Cette analyse rejoint ce que l’on constate dans de nombreux secteurs : les gains de productivité sont réels mais restent largement absorbés par une augmentation de la demande.

Le dirigeant évoque d’ailleurs le paradoxe de Jevons, selon lequel une technologie qui améliore fortement l’efficacité peut finalement accroître la consommation plutôt que la réduire.

L’histoire économique regorge d’exemples similaires.

Rien ne garantit toutefois que cette dynamique restera stable à long terme. Gomez reconnaît que les gouvernements devront anticiper des scénarios plus complexes impliquant formation, reconversion et nouvelles formes de protection sociale.
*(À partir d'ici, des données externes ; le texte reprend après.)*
lemma qpow_nonzero: "qpow q s \<noteq> 0"
  by (simp add: qpow_def)

definition frakF_arg :: "real \<Rightarrow> complex \<Rightarrow> complex \<Rightarrow> complex \<Rightarrow> nat \<Rightarrow> complex" where
  "frakF_arg q \<alpha> \<gamma> z k = qpow q ((\<alpha> + \<gamma> + of_nat k) / 2 - 3 / 4)
     * qpoch_inf (qpow q (\<gamma> - \<alpha> + of_nat k)) (q ^ 2) * csqrt z
     / (qpoch_inf (qpow q (\<gamma> - \<alpha> + of_nat k + 1)) (q ^ 2) * (1 - (1 - z) * qpow q (\<gamma> + of_nat k - 1)))"

text \<open>In the product of two neighbours the infinite products telescope to a single factor and
  \<open>csqrt z\<close> appears squared, leaving the coefficient of the contiguous relation.\<close>
lemma frakF_arg_adjacent_product:
  fixes q :: real and \<alpha> \<gamma> z :: complex and n :: nat
  defines "Q \<equiv> complex_of_real q"
  defines "b \<equiv> qpow q \<gamma> * Q ^ n"
  assumes q: "0 < q" "q < 1"
    and nonzero: "\<forall>k::nat. 1 \<le> k \<longrightarrow> qpoch_inf (qpow q (\<gamma> - \<alpha> + of_nat k + 1)) (q ^ 2) \<noteq> 0"
  shows "frakF_arg q \<alpha> \<gamma> z (Suc n) * frakF_arg q \<alpha> \<gamma> z (Suc (Suc n))
     = b * (qpow q \<alpha> - b * Q) * z / ((1 - (1 - z) * b) * (1 - (1 - z) * (b * Q)))"
proof -
  define P where "P k = qpoch_inf (qpow q (\<gamma> - \<alpha> + of_nat k)) (q ^ 2)" for k
  have frakF_arg_P: "frakF_arg q \<alpha> \<gamma> z k = qpow q ((\<alpha> + \<gamma> + of_nat k) / 2 - 3 / 4) * P k * csqrt z
     / (P (Suc k) * (1 - (1 - z) * qpow q (\<gamma> + of_nat k - 1)))" for k
    unfolding frakF_arg_def P_def by (simp add: ac_simps)
  have P_nonzero: "P (Suc (Suc n)) \<noteq> 0" "P (Suc (Suc (Suc n))) \<noteq> 0"
    using nonzero[rule_format, of "Suc n"] nonzero[rule_format, of "Suc (Suc n)"]
    unfolding P_def by (simp_all add: add.assoc)
  have "\<bar>q ^ 2\<bar> < 1"
    using q by (simp add: abs_square_less_1)
  have "qpow q (\<gamma> - \<alpha> + of_nat (Suc (Suc (Suc n)))) = qpow q (\<gamma> - \<alpha> + of_nat (Suc n) + of_nat 2)"
    by (simp add: algebra_simps)
  also have "\<dots> = qpow q (\<gamma> - \<alpha> + of_nat (Suc n)) * of_real (q ^ 2)"
    unfolding qpow_add[of q _ "of_nat 2"] qpow_of_nat[OF q(1)] by simp
  finally have "P (Suc n) = (1 - qpow q (\<gamma> - \<alpha> + of_nat (Suc n))) * P (Suc (Suc (Suc n)))"
    using qpoch_inf_unfold[OF \<open>\<bar>q ^ 2\<bar> < 1\<close>, of "qpow q (\<gamma> - \<alpha> + of_nat (Suc n))"]
    unfolding P_def by simp
  moreover have "qpow q (\<gamma> - \<alpha> + of_nat (Suc n)) = b * Q / qpow q \<alpha>"
    unfolding b_def Q_def qpow_add qpow_diff qpow_of_nat[OF q(1)] by simp
  ultimately have P_Suc: "P (Suc n) = (1 - b * Q / qpow q \<alpha>) * P (Suc (Suc (Suc n)))"
    by simp
  have exponents: "qpow q ((\<alpha> + \<gamma> + of_nat (Suc n)) / 2 - 3 / 4) * qpow q ((\<alpha> + \<gamma> + of_nat (Suc (Suc n))) / 2 - 3 / 4)
      = qpow q \<alpha> * b"
  proof -
    have "(\<alpha> + \<gamma> + of_nat (Suc n)) / 2 - 3 / 4 + ((\<alpha> + \<gamma> + of_nat (Suc (Suc n))) / 2 - 3 / 4) = \<alpha> + (\<gamma> + of_nat n)"
      by (simp add: field_simps)
    then show ?thesis
      unfolding b_def Q_def by (simp add: qpow_add[symmetric] qpow_add qpow_of_nat[OF q(1)])
  qed

  have denominators: "qpow q (\<gamma> + of_nat (Suc n) - 1) = b" "qpow q (\<gamma> + of_nat (Suc (Suc n)) - 1) = b * Q"
    using qpow_of_nat[OF q(1), of 1]
    unfolding b_def Q_def by (simp_all add: qpow_add qpow_diff qpow_of_nat[OF q(1)])
  define E\<^sub>1 E\<^sub>2 D\<^sub>0 D\<^sub>1 where "E\<^sub>1 = qpow q ((\<alpha> + \<gamma> + of_nat (Suc n)) / 2 - 3 / 4)"
    and "E\<^sub>2 = qpow q ((\<alpha> + \<gamma> + of_nat (Suc (Suc n))) / 2 - 3 / 4)"
    and "D\<^sub>0 = 1 - (1 - z) * b" and "D\<^sub>1 = 1 - (1 - z) * (b * Q)"
  have "frakF_arg q \<alpha> \<gamma> z (Suc n) * frakF_arg q \<alpha> \<gamma> z (Suc (Suc n))
      = (E\<^sub>1 * E\<^sub>2) * (csqrt z * csqrt z) * (P (Suc n) / P (Suc (Suc (Suc n)))) / (D\<^sub>0 * D\<^sub>1)"
    unfolding frakF_arg_P denominators E\<^sub>1_def[symmetric] E\<^sub>2_def[symmetric] D\<^sub>0_def[symmetric] D\<^sub>1_def[symmetric]
    using P_nonzero by (simp add: field_simps)
  also have "\<dots> = qpow q \<alpha> * b * z * (1 - b * Q / qpow q \<alpha>) / (D\<^sub>0 * D\<^sub>1)"
    unfolding E\<^sub>1_def E\<^sub>2_def exponents P_Suc using P_nonzero power2_csqrt[of z]
    by (simp add: power2_eq_square)
  also have "qpow q \<alpha> * b * z * (1 - b * Q / qpow q \<alpha>) = b * (qpow q \<alpha> - b * Q) * z"
    using qpow_nonzero[of q \<alpha>] by (simp add: field_simps)
  finally show ?thesis
    unfolding D\<^sub>0_def D\<^sub>1_def .
qed

lemma summable_norm_power_mult_convergent:
  fixes r :: "'a::real_normed_field"
  assumes "norm r < 1" "convergent h"
  shows "summable (\<lambda>n. norm (r ^ n * h n))"
proof -
  obtain K where "\<And>n. norm (h n) \<le> K"
    using convergent_imp_Bseq[OF assms(2)] by (auto simp: Bseq_def)
  then have bound: "norm (norm (r ^ n * h n)) \<le> norm r ^ n * K" for n
    by (simp add: norm_mult norm_power mult_left_mono)
  have "summable (\<lambda>n. norm r ^ n * K)"
    using assms(1) by (intro summable_mult2 summable_geometric) simp
  then show ?thesis
    by (rule summable_comparison_test') (rule bound)
qed

lemma adjacent_summable_frakF_arg:
  assumes q: "0 < q" "q < 1"
    and nonzero: "\<forall>k::nat. 1 \<le> k \<longrightarrow> qpoch_inf (qpow q (\<gamma> - \<alpha> + of_nat k + 1)) (q ^ 2) \<noteq> 0"
  shows "adjacent_summable (frakF_arg q \<alpha> \<gamma> z)"
proof -
  define Q where "Q = complex_of_real q"
  define b where "b n = qpow q \<gamma> * Q ^ n" for n
  define h where "h n = qpow q \<gamma> * (qpow q \<alpha> - b n * Q) * z
    / ((1 - (1 - z) * b n) * (1 - (1 - z) * (b n * Q)))" for n
  have "frakF_arg q \<alpha> \<gamma> z (Suc n) * frakF_arg q \<alpha> \<gamma> z (Suc (Suc n)) = Q ^ n * h n" for n
    unfolding frakF_arg_adjacent_product[OF q nonzero, where n=n and z=z] h_def b_def Q_def
    by (simp add: ac_simps)
  moreover have "(\<lambda>n. Q ^ n) \<longlonglongrightarrow> 0"
    using q by (simp add: Q_def LIMSEQ_power_zero)
  then have "b \<longlonglongrightarrow> 0"
    unfolding b_def[abs_def] by (rule tendsto_mult_right_zero)
  then have "h \<longlonglongrightarrow> qpow q \<gamma> * (qpow q \<alpha> - 0 * Q) * z / ((1 - (1 - z) * 0) * (1 - (1 - z) * (0 * Q)))"
    unfolding h_def[abs_def] by (intro tendsto_intros) simp_all
  then have "convergent h"
    by (rule convergentI)
  then have "summable (\<lambda>n. norm (Q ^ n * h n))"
    using q by (intro summable_norm_power_mult_convergent) (simp_all add: Q_def)
  ultimately show ?thesis
    by (subst summable_Suc_iff[symmetric]) simp
qed

theorem mainTheorem13:
  fixes q :: real and \<alpha> \<gamma> z :: complex
  assumes "0 < q" and "q < 1"
    and "\<forall>k::nat. 1 \<le> k \<longrightarrow> qpoch_inf (qpow q (\<gamma> - \<alpha> + of_nat k + 1)) (q ^ 2) \<noteq> 0"
    and "\<forall>k::nat. 1 \<le> k \<longrightarrow> 1 - (1 - z) * qpow q (\<gamma> + of_nat k - 1) \<noteq> 0"
    and "\<forall>k. qpoch (qpow q \<gamma>) q k \<noteq> 0"
  shows "frakF (\<lambda>k. qpow q ((\<alpha> + \<gamma> + of_nat k) / 2 - 3 / 4)
              * qpoch_inf (qpow q (\<gamma> - \<alpha> + of_nat k)) (q ^ 2) * csqrt z
            / (qpoch_inf (qpow q (\<gamma> - \<alpha> + of_nat k + 1)) (q ^ 2)
               * (1 - (1 - z) * qpow q (\<gamma> + of_nat k - 1))))
       = qpoch_inf (qpow q \<gamma>) q / qpoch_inf ((1 - z) * qpow q \<gamma>) q
         * phi11 (qpow q \<alpha>) (qpow q \<gamma>) q (- qpow q \<gamma> * z)"
proof -
  note q = assms(1,2)
  define Q where "Q = complex_of_real q"
  define b where "b n = qpow q \<gamma> * Q ^ n" for n
  have b_Suc: "b (Suc n) = b n * Q" for n
    by (simp add: b_def)
  have denominator: "1 - (1 - z) * b n \<noteq> 0" for n
    using assms(4)[rule_format, of "Suc n"]
    by (simp add: b_def Q_def qpow_add qpow_diff qpow_of_nat[OF q(1)] qpow_of_nat[OF q(1), of 1, simplified])
  have "1 - b n * Q ^ j \<noteq> 0" for n j
    using assms(5)[rule_format, of "Suc (n + j)"] by (simp add: qpoch_Suc b_def Q_def power_add mult.assoc)
  then have "phi11_scaled (qpow q \<alpha>) z q (b n) = phi11_scaled (qpow q \<alpha>) z q (b n * Q)
      - b n * (qpow q \<alpha> - b n * Q) * z / ((1 - (1 - z) * b n) * (1 - (1 - z) * (b n * Q)))
        * phi11_scaled (qpow q \<alpha>) z q (b n * Q * Q)" for n
    unfolding Q_def by (rule phi11_scaled_recurrence[OF q])
      (use denominator[of n] denominator[of "Suc n"] in \<open>simp_all add: b_Suc Q_def\<close>)
  then have "phi11_scaled (qpow q \<alpha>) z q (b n) = phi11_scaled (qpow q \<alpha>) z q (b (Suc n))
      - frakF_arg q \<alpha> \<gamma> z (Suc n) * frakF_arg q \<alpha> \<gamma> z (Suc (Suc n)) * phi11_scaled (qpow q \<alpha>) z q (b (Suc (Suc n)))" for n
    unfolding b_Suc frakF_arg_adjacent_product[OF q assms(3), where n=n and z=z] unfolding b_def Q_def .
  moreover have "b \<longlonglongrightarrow> 0"
    using q unfolding b_def[abs_def] Q_def by (intro tendsto_mult_right_zero LIMSEQ_power_zero) simp
  ultimately have "frakF (frakF_arg q \<alpha> \<gamma> z) = phi11_scaled (qpow q \<alpha>) z q (b 0)"
    by (intro frakF_eq_of_recurrence adjacent_summable_frakF_arg phi11_scaled_tendsto_1 q assms(3))
  then show ?thesis
    by (simp add: frakF_arg_def[abs_def] phi11_scaled_def b_def)
qed

end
L’acceptabilité devient un enjeu stratégique

L’un des passages les plus lucides concerne la défiance croissante envers l’IA.

Contrairement à certains dirigeants technologiques qui considèrent cette résistance comme un simple problème de communication, Gomez estime qu’elle est légitime.

Les inquiétudes liées à l’emploi, à la consommation énergétique ou à la concentration économique ne relèvent pas d’une incompréhension du public.

Elles reflètent une incertitude réelle sur la trajectoire future de la technologie.

Cette reconnaissance est importante.

L’acceptabilité sociale pourrait devenir aussi déterminante que les performances techniques elles-mêmes.

Une infrastructure cognitive mondiale ne pourra pas être imposée contre les citoyens qui l’utilisent.

Le Détail

L’observation la plus surprenante de l’entretien concerne peut-être les Transformers eux-mêmes.

Près de dix ans après la publication de Attention Is All You Need, l’architecture demeure le socle de la quasi-totalité des modèles majeurs.

Pour Gomez, cette longévité est presque anormale.

Dans l’histoire de l’informatique, peu de paradigmes dominent aussi longtemps sans être remplacés. Son espoir n’est donc pas de voir les Transformers triompher indéfiniment, mais d’assister à l’émergence d’une nouvelle génération d’architectures plus efficaces.

Une remarque qui sonne comme un rappel salutaire : malgré les centaines de milliards investis dans l’IA, nous sommes peut-être encore au début de l’histoire.